[PROBLEM DETAILS]:
Only these lines of the data below are wanted: the one with "by (rule additive.intro) (rule pair_add_left)", the one with "using assms additive.diff[OF", and any lines between them, each repeated exactly.

[RECORDS TO USE]:
locale quaternionic_bracket =
  fixes I J K :: "'s::real_vector \<Rightarrow> 's"
    and dorf :: "'s \<Rightarrow> 's \<Rightarrow> 's"
  assumes linear_I: "linear I" and linear_J: "linear J" and linear_K: "linear K"
    and I_sq: "\<And>x. I (I x) = - x" and J_sq: "\<And>x. J (J x) = - x" and K_sq: "\<And>x. K (K x) = - x"
    and IJK: "\<And>x. I (J (K x)) = - x"
    and dorf_linear_left: "\<And>y. linear (\<lambda>x. dorf x y)"
    and dorf_linear_right: "\<And>x. linear (dorf x)"
begin

lemmas lin_rules =
  linear_add[OF linear_I] linear_scale[OF linear_I] linear_neg[OF linear_I]
  linear_diff[OF linear_I] linear_0[OF linear_I]
  linear_add[OF linear_J] linear_scale[OF linear_J] linear_neg[OF linear_J]
  linear_diff[OF linear_J] linear_0[OF linear_J]
  linear_add[OF linear_K] linear_scale[OF linear_K] linear_neg[OF linear_K]
  linear_diff[OF linear_K] linear_0[OF linear_K]
  linear_add[OF dorf_linear_left] linear_scale[OF dorf_linear_left]
  linear_neg[OF dorf_linear_left] linear_diff[OF dorf_linear_left] linear_0[OF dorf_linear_left]
  linear_add[OF dorf_linear_right] linear_scale[OF dorf_linear_right]
  linear_neg[OF dorf_linear_right] linear_diff[OF dorf_linear_right] linear_0[OF dorf_linear_right]

lemma JK: "J (K x) = I x"
proof -
  have "I (I (J (K x))) = I (- x)" by (simp add: IJK)
  then show ?thesis by (simp add: I_sq lin_rules)
qed

lemma IJ: "I (J x) = K x"
  using IJK[of "- K x"] by (simp add: K_sq lin_rules)

lemma JI: "J (I x) = - K x"
  using JK[of x] J_sq[of "K x"] by simp

lemma KJ: "K (J x) = - I x"
  using IJ[of "J x"] J_sq[of x] by (simp add: lin_rules)

lemma IK: "I (K x) = - J x"
  using IJ[of x] I_sq[of "J x"] by simp

lemma KI: "K (I x) = J x"
  using IJ[of "I x"] JI[of x] IK[of x] by (simp add: lin_rules)

lemmas quaternion_rules = I_sq J_sq K_sq IJ JK KI JI KJ IK

lemma cov_deriv_J: "cov_deriv (hc_nabla dorf I J K) J X Y = 0"
  by (simp add: cov_deriv_def hc_nabla_def quaternion_rules lin_rules algebra_simps)

lemma cov_deriv_K:
  "cov_deriv (hc_nabla dorf I J K) K X Y =
     (1/2) *\<^sub>R (I (nijenhuis dorf I J (I Y) X) - nijenhuis dorf I J Y X)"
  by (simp add: cov_deriv_def hc_nabla_def nijenhuis_def quaternion_rules lin_rules algebra_simps)

context
  assumes integrable: "\<And>X Y. nijenhuis dorf I J X Y = 0"
begin

lemma cov_deriv_K_zero: "cov_deriv (hc_nabla dorf I J K) K X Y = 0"
  by (simp add: cov_deriv_K integrable lin_rules)

text \<open>Since \<open>I = JK\<close>, parallelism of \<open>I\<close> is inherited from that of \<open>J\<close> and \<open>K\<close>.\<close>
lemma cov_deriv_I_zero: "cov_deriv (hc_nabla dorf I J K) I X Y = 0"
proof -
  have "cov_deriv (hc_nabla dorf I J K) (J \<circ> K) X Y = 0"
    by (intro cov_deriv_comp cov_deriv_J cov_deriv_K_zero)
  moreover have "cov_deriv (hc_nabla dorf I J K) (J \<circ> K) X Y = cov_deriv (hc_nabla dorf I J K) I X Y"
    by (simp add: cov_deriv_def JK)
  ultimately show ?thesis by simp
qed

end

end

locale quaternionic_bracket_pairing = quaternionic_bracket I J K dorf
  for I J K :: "'s::real_vector \<Rightarrow> 's" and dorf +
  fixes pair :: "'s \<Rightarrow> 's \<Rightarrow> 'f::ab_group_add" and D :: "'f \<Rightarrow> 's"
  assumes I_skew: "\<And>x y. pair (I x) y = - pair x (I y)"
    and J_skew: "\<And>x y. pair (J x) y = - pair x (J y)"
    and K_skew: "\<And>x y. pair (K x) y = - pair x (K y)"
    and pair_minus_right: "\<And>x y. pair x (- y) = - pair x y"
    and D_minus: "\<And>f. D (- f) = - D f"
begin

lemma torsion_formula:
  "torsion dorf (hc_nabla dorf I J K) X Y =
     I (D (pair X (I Y))) + J (D (pair X (J Y))) + K (D (pair X (K Y)))
   + (1/2) *\<^sub>R (sym_defect dorf pair D X Y - sym_defect dorf pair D (J X) (J Y)
       - I (sym_defect dorf pair D (J X) (K Y)) + J (sym_defect dorf pair D X (J Y))
       + K (sym_defect dorf pair D X (K Y))
       - nijenhuis dorf I J X (K Y) + I (nijenhuis dorf I J (J Y) X)
       + J (nijenhuis dorf I J X (I Y)))"
  by (simp add: torsion_def courant_bracket_def hc_nabla_def nijenhuis_def sym_defect_def
      quaternion_rules lin_rules I_skew J_skew K_skew pair_minus_right D_minus algebra_simps)

end

locale courant_algebroid_sections =
  fixes sm :: "'f::{comm_ring_1,real_algebra_1} \<Rightarrow> 's::real_vector \<Rightarrow> 's"
    and rho :: "'s \<Rightarrow> 'f \<Rightarrow> 'f"
    and pair :: "'s \<Rightarrow> 's \<Rightarrow> 'f"
    and dorf :: "'s \<Rightarrow> 's \<Rightarrow> 's"
    and D :: "'f \<Rightarrow> 's"
  assumes CA: "courant_algebroid sm rho pair dorf D"
begin

lemma module_axioms:
  shows sm_add_left: "sm (a + b) x = sm a x + sm b x"
    and sm_add_right: "sm a (x + y) = sm a x + sm a y"
    and sm_mult: "sm (a * b) x = sm a (sm b x)"
    and sm_of_real: "sm (of_real r) x = r *\<^sub>R x"
  using CA unfolding courant_algebroid_def is_fmodule_def by auto

lemma anchor_axioms:
  shows rho_add: "rho x (f + g) = rho x f + rho x g"
    and rho_mult: "rho x (f * g) = f * rho x g + g * rho x f"
  using CA unfolding courant_algebroid_def is_derivation_def by auto

lemma pairing_axioms:
  shows pair_comm: "pair x y = pair y x"
    and pair_add_left: "pair (x + x') y = pair x y + pair x' y"
    and pair_sm_left: "pair (sm f x) y = f * pair x y"
    and pair_nondegenerate: "(\<And>y. pair x y = 0) \<Longrightarrow> x = 0"
    and pair_D: "pair (D f) x = (1/2) *\<^sub>R rho x f"
  using CA unfolding courant_algebroid_def by auto

lemma dorfman_axioms:
  shows dorf_add_left: "dorf (x + x') y = dorf x y + dorf x' y"
    and dorf_add_right: "dorf x (y + y') = dorf x y + dorf x y'"
    and dorf_scale_left: "dorf (r *\<^sub>R x) y = r *\<^sub>R dorf x y"
    and dorf_scale_right: "dorf x (r *\<^sub>R y) = r *\<^sub>R dorf x y"
    and dorf_sm_right: "dorf x (sm f y) = sm (rho x f) y + sm f (dorf x y)"
    and dorf_symmetric_part: "dorf x y + dorf y x = 2 *\<^sub>R D (pair x y)"
  using CA unfolding courant_algebroid_def by auto

lemma sm_additive_left: "additive (\<lambda>a. sm a x)"
  by (rule additive.intro) (rule sm_add_left)

lemma sm_additive_right: "additive (sm a)"
  by (rule additive.intro) (rule sm_add_right)

lemma pair_additive_left: "additive (\<lambda>x. pair x y)"
  by (rule additive.intro) (rule pair_add_left)

lemma pair_additive_right: "additive (pair x)"
  by (rule additive.intro) (simp add: pair_comm[of x] pair_add_left)

lemma sm_scaleR: "sm a (r *\<^sub>R x) = r *\<^sub>R sm a x"
  by (metis mult.commute sm_mult sm_of_real)

lemma eq_by_pairing:
  assumes "\<And>y. pair x y = pair x' y"
  shows "x = x'"
proof -
  have "pair (x - x') y = 0" for y
    using assms additive.diff[OF pair_additive_left] by simp
  then show ?thesis using pair_nondegenerate[of "x - x'"] by simp
qed

text \<open>\<open>D\<close> is additive and satisfies the Leibniz rule, because \<open>\<rho>(x)\<close> is a derivation.\<close>
lemma D_add: "D (f + g) = D f + D g"
  by (rule eq_by_pairing) (simp add: pair_D pair_add_left rho_add scaleR_add_right)

lemma D_mult: "D (f * g) = sm f (D g) + sm g (D f)"
  by (rule eq_by_pairing) (simp add: pair_D pair_add_left pair_sm_left rho_mult scaleR_add_right)

text \<open>The Leibniz rule in the first argument, derived from the one in the second argument
  and the symmetric part of the Dorfman bracket.\<close>
lemma dorf_sm_left:
  "dorf (sm f x) y = sm f (dorf x y) - sm (rho y f) x + 2 *\<^sub>R sm (pair x y) (D f)"
proof -
  have "dorf (sm f x) y = 2 *\<^sub>R D (f * pair x y) - dorf y (sm f x)"
    using dorf_symmetric_part[of "sm f x" y] by (simp add: pair_sm_left algebra_simps)
  also have "\<dots> = 2 *\<^sub>R (sm f (D (pair x y)) + sm (pair x y) (D f)) - sm (rho y f) x - sm f (dorf y x)"
    by (simp add: D_mult dorf_sm_right)
  also have "dorf y x = 2 *\<^sub>R D (pair x y) - dorf x y"
    using dorf_symmetric_part[of x y] by (simp add: algebra_simps)
  finally show ?thesis
    by (simp add: additive.diff[OF sm_additive_right] sm_add_right sm_scaleR algebra_simps)
qed

lemma sym_defect_zero: "sym_defect dorf pair D x y = 0"
  by (simp add: sym_defect_def dorf_symmetric_part)

lemma dorf_linear_left: "linear (\<lambda>x. dorf x y)"
  by (rule linearI) (simp_all add: dorf_add_left dorf_scale_left)

lemma dorf_linear_right: "linear (dorf x)"
  by (rule linearI) (simp_all add: dorf_add_right dorf_scale_right)

lemma endo_linear:
  assumes "\<And>x y. P (x + y) = P x + P y" and "\<And>f x. P (sm f x) = sm f (P x)"
  shows "linear P"
proof (rule linearI)
  show "P (r *\<^sub>R x) = r *\<^sub>R P x" for r x
    using assms(2)[of "of_real r" x] by (simp add: sm_of_real)
qed (rule assms(1))

text \<open>An orthogonal map squaring to \<open>-1\<close> is skew-adjoint:
  \<open>\<langle>Px, y\<rangle> = \<langle>PPx, Py\<rangle> = -\<langle>x, Py\<rangle>\<close>.\<close>
lemma orthogonal_square_minus_skew:
  assumes orth: "\<And>x y. pair (P x) (P y) = pair x y" and sq: "\<And>x. P (P x) = - x"
  shows "pair (P x) y = - pair x (P y)"
  using orth[of "P x" y] by (simp add: sq additive.minus[OF pair_additive_left])

end

text \<open>Normalisation aid: \<open>(1/2) a + (1/2) a = a\<close>, which \<open>algebra_simps\<close> alone does not see.\<close>
lemma half_plus_half:
  fixes a b :: "'a::real_vector"
  shows "(1/2) *\<^sub>R a + (1/2) *\<^sub>R a = a" and "(1/2) *\<^sub>R a + ((1/2) *\<^sub>R a + b) = a + b"
  by (simp_all add: scaleR_add_left[symmetric])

[PROBLEM SOLUTION]:
  by (rule additive.intro) (rule pair_add_left)

lemma pair_additive_right: "additive (pair x)"
  by (rule additive.intro) (simp add: pair_comm[of x] pair_add_left)

lemma sm_scaleR: "sm a (r *\<^sub>R x) = r *\<^sub>R sm a x"
  by (metis mult.commute sm_mult sm_of_real)

lemma eq_by_pairing:
  assumes "\<And>y. pair x y = pair x' y"
  shows "x = x'"
proof -
  have "pair (x - x') y = 0" for y
    using assms additive.diff[OF pair_additive_left] by simp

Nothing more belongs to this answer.